Il semble probable, alors, que les bugei ryuha et les dispositifs pédagogiques associés visaient au départ à transmettre plus des idéaux abstraits de développement de soi et d’éveil. Que les bugei ryuha étaient une abstraction de la science militaire, et non pas simplement une application de celui-ci. Elles favorisent les traits de caractère et le sens tactique qui font devenir de meilleurs guerriers ceux qui les ont pratiquées, mais leurs buts et leurs idéaux étaient plus proches de ceux de l’éducation libérale que de la formation professionnelle. En d’autres termes, les bugeisha, même pendant l’ère Sengoku, avaient plus en commun avec des compétiteurs olympique au tir d’adresse – s’entraîner avec des armes spécialisées pour développer des niveaux ésotériques de compétence dans des conditions particulières – qu’avec des fusiliers marins. Ils ont également eu autant – peut-être plus – en commun avec l’ère Tokugawa et les artistes martiaux modernes qu’avec les guerriers ordinaires de leur propre temps.
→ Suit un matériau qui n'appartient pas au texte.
(* Let $f:(\mathbb R^2,q)\to(\mathbb R^3,p)$ be a smooth germ with a corank 1 singularity at $q$ whose curvature parabola $\Delta_p$ is not a line (so that $\kappa_a(p)$ is defined). Then $\kappa_a(p)=0$ if and only if the axial vector $v_a$ is a binormal direction.
   Context: $T_pM=\operatorname{im}df_q$, $N_pM$ its orthogonal complement with a fixed orientation. First fundamental form $I(X,Y)=\langle df_qX,df_qY\rangle$; second fundamental form $II$: the symmetric bilinear map $T_q\mathbb R^2\times T_q\mathbb R^2\to N_pM$ with $II(\partial_u,\partial_u)=f_{uu}(q)^\perp$, $II(\partial_u,\partial_v)=f_{uv}(q)^\perp$, $II(\partial_v,\partial_v)=f_{vv}(q)^\perp$ ($\perp$ = orthogonal projection to $N_pM$); $II_\nu=\langle II,\nu\rangle$. Curvature parabola $\Delta_p=\{II(X,X):I(X,X)=1\}$; in coordinates with $f_v(q)=0$, $|f_u(q)|=1$ it is parametrized by $\eta(y)=II(\partial_u+y\partial_v,\partial_u+y\partial_v)$, $y\in\mathbb R$, and is a non-degenerate parabola, half-line, line or point. A nonzero $X\in T_q\mathbb R^2$ is asymptotic if there is a nonzero $\nu\in N_pM$ with $II_\nu(X,Y)=0$ for all $Y$; such $\nu$ is a binormal direction. Axial vector $v_a$: for a non-degenerate parabola, the unit vector along the axis of symmetry pointing to its interior; for a half-line, $\eta'(y)/|\eta'(y)|$ for any $y>0$ with $\eta'(y)\neq 0$; for a point $c\ne0$, the unit vector with $\{v_a,c/|c|\}$ a positively oriented orthonormal frame; for the origin, any unit vector. Axial curvature $\kappa_a(p)=\min_{y}\langle\eta(y),v_a\rangle$. *)

theory Defs
  imports "HOL-Analysis.Analysis"
begin

text \<open>Germs f : (R^2,q) -> (R^3,p); coordinates (u,v) on R^2 are the standard ones,
  index 1 = u, index 2 = v.\<close>

fun pd :: "2 list \<Rightarrow> (real^2 \<Rightarrow> real^3) \<Rightarrow> real^2 \<Rightarrow> real^3" where
  "pd [] g = g"
| "pd (i # is) g = (\<lambda>x. vector_derivative (\<lambda>t. pd is g (x + t *\<^sub>R axis i 1)) (at 0))"

definition smooth_on :: "(real^2) set \<Rightarrow> (real^2 \<Rightarrow> real^3) \<Rightarrow> bool" where
  "smooth_on U g \<longleftrightarrow> open U \<and>
     (\<forall>is. continuous_on U (pd is g) \<and>
        (\<forall>x\<in>U. \<forall>i. ((\<lambda>t. pd is g (x + t *\<^sub>R axis i 1))
                     has_vector_derivative pd (i # is) g x) (at 0)))"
Fondamentalement, je soutiens qu’il n’y avait aucun changement fondamental de but dans l’enseignement des arts martiaux entre la fin du XVIe siècle et le milieu du dix-septième. Les budo de l’ère Tokugawa ne représentaient pas une métamorphose de l’art martial du Moyen Age tardif, mais la maturation de celui-ci. Les bugei ryuha constituaient en soi un nouveau phénomène – un dérivé, et non une amélioration linéaire d’une précédente formation militaire plus prosaïque.
(Pour l’argumentation complète, voir mon texte « Off the Warpath », dans Budo Perspectives d’Alex Bennett [Auckland, Nouvelle-Zélande: le Kendo World Publications, 2005]., 249-68)
SA: Dans “Legacies of the Sword” (une étude de Kashima-Shinryu écrit avec Seki Humitake), vous faire remarquer que de nombreux arts martiaux traditionnels japonais utilisent le langage du bouddhisme, shintoïsme, confucianisme (et néo-confucianisme), et du taoïsme pour décrire leurs arts parce que «… les sanctuaires et les temples ont été les véhicules par lesquels les Japonais ont conceptualisé leur univers, et ils ont fourni la seule terminologie pour les questions de science physique ou de philosophie». En effet, les termes religieux ont été utilisés pour décrire des éléments d’information très ordinaires et « terre-à-terre ». Est-ce que les pièges du langage religieux n’ont pas trop mis l’accent sur les aspects spirituels et philosophiques de la pratique de l’épée, remplaçant le rôle principal d’origine de former des combattants et des guerriers?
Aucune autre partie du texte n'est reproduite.